Two cases, however, offer particularly helpful insights for attorneys. The results in Farmland Partners, Inc. v. Rota Fortunae demonstrates that companies can be successful in this type of litigation. Bass v. United Development Funding, L.P. demonstrates the extent and nature of evidence that a company will have to develop to survive a motion to dismiss.
Farmland Partners, Inc. v. Rota Fortunae
David Quinton Mathews owned an investment research firm. Mathews had also built a significant following online among traders and investors, writing under the pseudonym, Rota Fortunae.
In 2018, Mathews, writing under the Rota Fortunae pseudonym, published a false negative report about the publicly-traded company, Farmland Partners, Inc. (FPI), a Real Estate Investment Trust (REIT). As a result of his post, FPI's stock price plummeted 39 percent in one day.
Mathews' largest client, Sabrepoint Capital, had paid him as much as $100,000 in a single year to research various publicly-traded companies. Mathews always knew, as he performed this research, whether Sabrepoint already held a position in the stock he was researching and whether that position was long or short. It was Sabrepoint, which already held a short position in FPI, that asked Mathews to research the company. Prior to this request, Mathews had never heard of the REIT.
Mathews researched FPI and began to prepare an article containing false negative information about the company. As he researched it, he bought short-dated put options in FPI which, he later admitted, would only pay off if FPI’s stock price dropped "significantly" shortly after he published the article. He also informed some of his other advisory clients about the stock and they, too, acquired short-dated put options for FPI.
Hoping to capitalize on the trust he had built among his followers, Mathews published his article in SeekingAlpha.com, an online service that offers stock market analysis and tools for investors. He was betting that his article would cause widespread selling among traders and investors, resulting in FPI's stock price plummeting rapidly, within the timeframe of the put options. This would allow him—and those he represented—to pocket a significant profit.
In the headline of the article, he asserted that FPI faced a risk of insolvency due to its loan program. Within the article, he claimed:
- That FPI excluded preferred dividends from its calculation of Adjusted Funds from Operations (AFFO);
- That Paul Pittman, FPI's CEO, had pledged his FPI shares in connection with a loan;
- That FPI used its mortgage lending program to artificially increase revenues by making loans to 'related party' tenants—money these 'related parties' would 'round trip' right back to FPI as rent and interest;
- That the 'related parties' to which he referred were members of FPI's management team;
- That FPI failed to disclose that more than 70 percent of its mortgages were made to members of its management team;
- That some borrowers in the FPI loan program also would ‘round trip’ their loan payments, paying these loans back to FPI as rent to inflate FPI's apparent earnings; and
- As a result of improprieties with the loan program, several FPI directors resigned and the FPI auditor withdrew.

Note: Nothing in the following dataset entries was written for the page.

lemma strict_partials_uniform_step:
  fixes S :: "real^'n \<Rightarrow> 'b::real_normed_vector"
  assumes pos: "\<And>i. strict_dir_deriv S x (axis i 1) (D i)"
    and neg: "\<And>i. strict_dir_deriv S x (- axis i 1) (- D i)"
    and "\<epsilon> > 0"
  obtains \<rho> \<delta> where "\<rho> > 0" "\<delta> > 0"
    "\<And>y c i. y \<in> ball x \<rho> \<Longrightarrow> \<bar>c\<bar> < \<delta> \<Longrightarrow>
       norm (S (y + c *\<^sub>R axis i 1) - S y - c *\<^sub>R D i) \<le> \<epsilon> * \<bar>c\<bar>"
proof -
  define P where "P i p \<longleftrightarrow>
      norm (S (fst p + snd p *\<^sub>R axis i 1) - S (fst p) - snd p *\<^sub>R D i) \<le> snd p * \<epsilon> \<and>
      norm (S (fst p + snd p *\<^sub>R (- axis i 1)) - S (fst p) - snd p *\<^sub>R (- D i)) \<le> snd p * \<epsilon>" for i p
  have "\<forall>\<^sub>F p in nhds x \<times>\<^sub>F at_right 0. P i p" for i
    using pos[of i, unfolded strict_dir_deriv_def, rule_format, OF \<open>\<epsilon> > 0\<close>]
      neg[of i, unfolded strict_dir_deriv_def, rule_format, OF \<open>\<epsilon> > 0\<close>]
    unfolding P_def by (auto elim: eventually_elim2 simp: case_prod_beta)
  then have "\<forall>\<^sub>F p in nhds x \<times>\<^sub>F at_right 0. \<forall>i. P i p"
    by (rule eventually_all_finite)
  then obtain Pf Pg where "eventually Pf (nhds x)" "eventually Pg (at_right 0)"
    and PfPg: "\<And>y t. Pf y \<Longrightarrow> Pg t \<Longrightarrow> \<forall>i. P i (y, t)"
    unfolding eventually_prod_filter by blast
  then obtain \<rho> \<delta> where "\<rho> > 0" "\<delta> > 0" and Pf: "\<And>y. dist y x < \<rho> \<Longrightarrow> Pf y"
    and Pg: "\<And>t. 0 < t \<Longrightarrow> t < \<delta> \<Longrightarrow> Pg t"
    unfolding eventually_nhds_metric eventually_at_right_field by auto
  have "norm (S (y + c *\<^sub>R axis i 1) - S y - c *\<^sub>R D i) \<le> \<epsilon> * \<bar>c\<bar>"
    if "y \<in> ball x \<rho>" "\<bar>c\<bar> < \<delta>" for y c i
  proof (cases c "0::real" rule: linorder_cases)
    case less
    then have "P i (y, - c)"
      using PfPg Pf Pg that by (simp add: dist_commute)
    with less show ?thesis
      by (simp add: P_def mult.commute)
  next
    case greater
    then have "P i (y, c)"
      using PfPg Pf Pg that by (simp add: dist_commute)
    with greater show ?thesis
      by (simp add: P_def mult.commute)
  qed simp
  with \<open>\<rho> > 0\<close> \<open>\<delta> > 0\<close> show thesis
    by (rule that)
qed

lemma telescoping_coordinate_estimate:
  fixes S :: "real^'n \<Rightarrow> 'b::real_normed_vector"
  assumes step: "\<And>y c i. y \<in> ball x \<rho> \<Longrightarrow> \<bar>c\<bar> < \<delta> \<Longrightarrow>
       norm (S (y + c *\<^sub>R axis i 1) - S y - c *\<^sub>R D i) \<le> \<epsilon> * \<bar>c\<bar>"
    and small: "(\<Sum>i\<in>UNIV. \<bar>v $ i\<bar>) < \<rho>" "\<And>i. \<bar>v $ i\<bar> < \<delta>"
  shows "norm (S (x + (\<Sum>i\<in>I. v $ i *\<^sub>R axis i 1)) - S x - (\<Sum>i\<in>I. v $ i *\<^sub>R D i))
    \<le> \<epsilon> * (\<Sum>i\<in>I. \<bar>v $ i\<bar>)"
proof -
  have "finite I"
    by simp
  then show ?thesis
  proof (induction I rule: finite_induct)
    case (insert j I)
    define p where "p = x + (\<Sum>i\<in>I. v $ i *\<^sub>R axis i 1)"
    have "norm (\<Sum>i\<in>I. v $ i *\<^sub>R axis i (1::real)) \<le> (\<Sum>i\<in>UNIV. \<bar>v $ i\<bar>)"
      using norm_sum[of "\<lambda>i. v $ i *\<^sub>R axis i (1::real)" I] sum_mono2[of UNIV I "\<lambda>i. \<bar>v $ i\<bar>"]
      by simp
    then have "p \<in> ball x \<rho>"
      using small(1) by (simp add: p_def dist_norm)
    then have "norm (S (p + v $ j *\<^sub>R axis j 1) - S p - v $ j *\<^sub>R D j) \<le> \<epsilon> * \<bar>v $ j\<bar>"
      using small(2) by (rule step)
    moreover have "S (x + (\<Sum>i\<in>insert j I. v $ i *\<^sub>R axis i 1)) - S x - (\<Sum>i\<in>insert j I. v $ i *\<^sub>R D i)
        = (S (p + v $ j *\<^sub>R axis j 1) - S p - v $ j *\<^sub>R D j) + (S p - S x - (\<Sum>i\<in>I. v $ i *\<^sub>R D i))"
      using insert.hyps by (simp add: p_def algebra_simps)
    ultimately have "norm (S (x + (\<Sum>i\<in>insert j I. v $ i *\<^sub>R axis i 1)) - S x - (\<Sum>i\<in>insert j I. v $ i *\<^sub>R D i))
        \<le> \<epsilon> * \<bar>v $ j\<bar> + \<epsilon> * (\<Sum>i\<in>I. \<bar>v $ i\<bar>)"
      using insert.IH by (auto simp only: p_def intro!: order_trans[OF norm_triangle_ineq] add_mono)
    then show ?case
      using insert.hyps by (simp add: distrib_left)
  qed simp
qed

lemma has_derivative_if_strict_partials:
  fixes S :: "real^'n \<Rightarrow> 'b::real_normed_vector"
  assumes pos: "\<And>i. strict_dir_deriv S x (axis i 1) (D i)"
    and neg: "\<And>i. strict_dir_deriv S x (- axis i 1) (- D i)"
  shows "(S has_derivative (\<lambda>v. \<Sum>i\<in>UNIV. v $ i *\<^sub>R D i)) (at x)"
  unfolding has_derivative_at_alt
proof (intro conjI allI impI)
  show "bounded_linear (\<lambda>v. \<Sum>i\<in>UNIV. v $ i *\<^sub>R D i)"
    by (intro bounded_linear_intros bounded_linear_vec_nth)
  fix e :: real
  assume "e > 0"
  define n where "n = real CARD('n)"
  have "n > 0"
    by (simp add: n_def)
  obtain \<rho> \<delta> where "\<rho> > 0" "\<delta> > 0" and step: "\<And>y c i. y \<in> ball x \<rho> \<Longrightarrow> \<bar>c\<bar> < \<delta> \<Longrightarrow>
      norm (S (y + c *\<^sub>R axis i 1) - S y - c *\<^sub>R D i) \<le> e / n * \<bar>c\<bar>"
    using strict_partials_uniform_step[OF pos neg, of "e / n"] \<open>e > 0\<close> \<open>n > 0\<close> by auto
  show "\<exists>d>0. \<forall>y. norm (y - x) < d \<longrightarrow>
      norm (S y - S x - (\<Sum>i\<in>UNIV. (y - x) $ i *\<^sub>R D i)) \<le> e * norm (y - x)"
  proof (intro exI[of _ "min (\<rho> / n) \<delta>"] conjI allI impI)
    show "min (\<rho> / n) \<delta> > 0"
      using \<open>\<rho> > 0\<close> \<open>\<delta> > 0\<close> \<open>n > 0\<close> by simp
    fix y
    assume y: "norm (y - x) < min (\<rho> / n) \<delta>"
    define v where "v = y - x"
    have sum_abs_le: "(\<Sum>i\<in>UNIV. \<bar>v $ i\<bar>) \<le> n * norm v"
      using sum_bounded_above[of UNIV "\<lambda>i. \<bar>v $ i\<bar>" "norm v"] component_le_norm_cart[of v]
      by (simp add: n_def)
    also have "\<dots> < \<rho>"
      using y \<open>n > 0\<close> by (simp add: v_def field_simps)
    finally have "(\<Sum>i\<in>UNIV. \<bar>v $ i\<bar>) < \<rho>" .
    moreover have "\<bar>v $ i\<bar> < \<delta>" for i
      using component_le_norm_cart[of v i] y by (simp add: v_def)
    ultimately have "norm (S (x + (\<Sum>i\<in>UNIV. v $ i *\<^sub>R axis i 1)) - S x - (\<Sum>i\<in>UNIV. v $ i *\<^sub>R D i))
        \<le> e / n * (\<Sum>i\<in>UNIV. \<bar>v $ i\<bar>)"
      by (intro telescoping_coordinate_estimate[OF step])
    also have "\<dots> \<le> e * norm v"
      using mult_left_mono[OF sum_abs_le, of "e / n"] \<open>e > 0\<close> \<open>n > 0\<close> by simp
    finally show "norm (S y - S x - (\<Sum>i\<in>UNIV. (y - x) $ i *\<^sub>R D i)) \<le> e * norm (y - x)"
      using basis_expansion[of v] by (simp add: v_def scalar_mult_eq_scaleR)
  qed
qed

lemma exists_quot_stable_point:
  fixes S :: "'a::{real_normed_vector,heine_borel} \<Rightarrow> 'b::real_normed_vector"
  assumes cont: "continuous_on UNIV S"
    and conv: "\<And>h y. \<exists>d. ((\<lambda>t. diff_quot S h t y) \<longlongrightarrow> d) (at_right 0)"
    and "countable H" "r > 0"
  obtains x where "x \<in> ball c r" "\<And>h k. h \<in> H \<Longrightarrow> x \<in> quot_stable S h (inverse (Suc k))"
proof -
  define \<G> where "\<G> = (\<lambda>(k::nat, h). quot_stable S h (inverse (Suc k))) ` (UNIV \<times> H)"
  have "UNIV \<subseteq> closure (\<Inter>\<G>)"
  proof (rule Baire)
    show "countable \<G>"
      unfolding \<G>_def using \<open>countable H\<close> by (intro countable_image countable_SIGMA) simp_all
    fix T
    assume "T \<in> \<G>"
    then obtain k h where T: "T = quot_stable S h (inverse (Suc k))"
      unfolding \<G>_def by auto
    have "y \<in> closure T" for y
      unfolding closure_approachable
    proof (intro allI impI)
      fix e :: real
      assume "e > 0"
      then obtain z where "z \<in> ball y e" "z \<in> T"
    proof -
      have "ball y e \<inter> quot_stable S h (inverse (Suc k)) \<noteq> {}"
        using \<open>e > 0\<close> by (intro quot_stable_dense[OF cont conv]) simp_all
      then show thesis
        using that unfolding T by blast
    qed
      then show "\<exists>z\<in>T. dist z y < e"
        by (auto simp: dist_commute)
    qed
    then show "openin (top_of_set UNIV) T \<and> UNIV \<subseteq> closure T"
      unfolding T by (auto simp: open_quot_stable)
  qed simp
  then have "c \<in> closure (\<Inter>\<G>)"
    by blast
  then obtain x where "x \<in> \<Inter>\<G>" "dist x c < r"
    unfolding closure_approachable using \<open>r > 0\<close> by blast
  then show thesis
    by (intro that[of x]) (auto simp: \<G>_def dist_commute)
qed

lemma differentiable_point_in_ball:
  fixes S :: "real^'n \<Rightarrow> real^'m"
  assumes cont: "continuous_on UNIV S" and dir: "dir_differentiable S" and "r > 0"
  obtains x A where "x \<in> ball c r" "(S has_derivative (\<lambda>v. A *v v)) (at x)"
proof -
  have conv: "\<exists>d. ((\<lambda>t. diff_quot S h t y) \<longlongrightarrow> d) (at_right 0)" for h y
    using dir unfolding dir_differentiable_def diff_quot_def by blast
  have "countable (range (\<lambda>i. axis i (1::real)) \<union> range (\<lambda>i. - axis i 1) :: (real^'n) set)"
    by (simp add: countable_finite)
  then obtain x where "x \<in> ball c r"
    and stable: "\<And>h k. h \<in> range (\<lambda>i. axis i 1) \<union> range (\<lambda>i. - axis i 1) \<Longrightarrow>
      x \<in> quot_stable S h (inverse (Suc k))"
    using exists_quot_stable_point[OF cont conv _ \<open>r > 0\<close>] by blast
  have "\<forall>i. \<exists>d. ((\<lambda>t. diff_quot S (axis i 1) t x) \<longlongrightarrow> d) (at_right 0)"
    "\<forall>i. \<exists>d. ((\<lambda>t. diff_quot S (- axis i 1) t x) \<longlongrightarrow> d) (at_right 0)"
    using conv by blast+
  then obtain Dp Dn where Dp: "\<And>i. ((\<lambda>t. diff_quot S (axis i 1) t x) \<longlongrightarrow> Dp i) (at_right 0)"
    and Dn: "\<And>i. ((\<lambda>t. diff_quot S (- axis i 1) t x) \<longlongrightarrow> Dn i) (at_right 0)"
    by (metis choice)
  have pos: "strict_dir_deriv S x (axis i 1) (Dp i)" for i
    using Dp stable by (rule strict_dir_deriv_if_quot_stable) simp
  have neg': "strict_dir_deriv S x (- axis i 1) (Dn i)" for i
    using Dn stable by (rule strict_dir_deriv_if_quot_stable) simp
  have neg: "strict_dir_deriv S x (- axis i 1) (- Dp i)" for i
    using neg'[of i] strict_dir_deriv_opposite[OF pos neg'] by simp
  have "(\<lambda>v. \<Sum>i\<in>UNIV. v $ i *\<^sub>R Dp i) = (\<lambda>v. (\<chi> k i. Dp i $ k) *v v)"
    by (simp add: fun_eq_iff vec_eq_iff matrix_vector_mult_def sum_component mult.commute)
  then have "(S has_derivative (\<lambda>v. (\<chi> k i. Dp i $ k) *v v)) (at x)"
    using has_derivative_if_strict_partials[OF pos neg] by simp
  with \<open>x \<in> ball c r\<close> show thesis
    by (rule that)
qed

The fallout was extensive. Mathews' assertions thoroughly damaged FPI's reputation and FPI's stock price fell 39 percent in one day with its market capitalization slashed by as much as $115 million. Mathews, Sabrepoint, and Mathews' other advisory clients made huge profits on their options.
FPI found itself facing a class action suit brought by shareholders who had suffered substantial losses. FPI, in turn, sued "Rota Fortunae" and other defendants for defamation, disparagement, intentional interference with prospective business relations, unjust enrichment, deceptive trade practice in violation of the Colorado Consumer Protection Act, and civil conspiracy.
Mathews tried to hide behind his pseudonym and withhold the names of his co-conspirators but the court ordered that all parties be unmasked. Mathews also claimed, among other things, that he had prefaced statements with "I think" or "I believe" and "In my opinion," and that these were opinions protected by the First Amendment. The court acknowledged that some of Mathews' statements were opinions but that the First Amendment did not protect false statements of fact.
Mathews decided to settle the case. He agreed to pay a 'multiple' of his gains from his actions. He also agreed to issue a press release admitting that he had made numerous misstatements of fact in his article—facts that he knew or should have known were false.
Mathews admitted to making several key misrepresentations. FPI did not face a risk of insolvency. The loan program in question was an immaterial part of its business. FPI's financial disclosures in that time frame made it clear that preferred dividends were included in the AFFO calculation. Mr. Pittman had not pledged his FPI shares in connection with a loan. The people in question were not 'related parties' as defined by the SEC. Further, one of the alleged 'related parties' had never been part of FPI's management team and the other was not a member of the team at the time of the alleged loans. Moreover, the evidence showed the 'round trip' payment allegation to be false. Finally, FPI filings with the SEC—filings Mathews admits he reviewed when preparing the article—made it clear that the statements regarding resignations and withdrawal were false.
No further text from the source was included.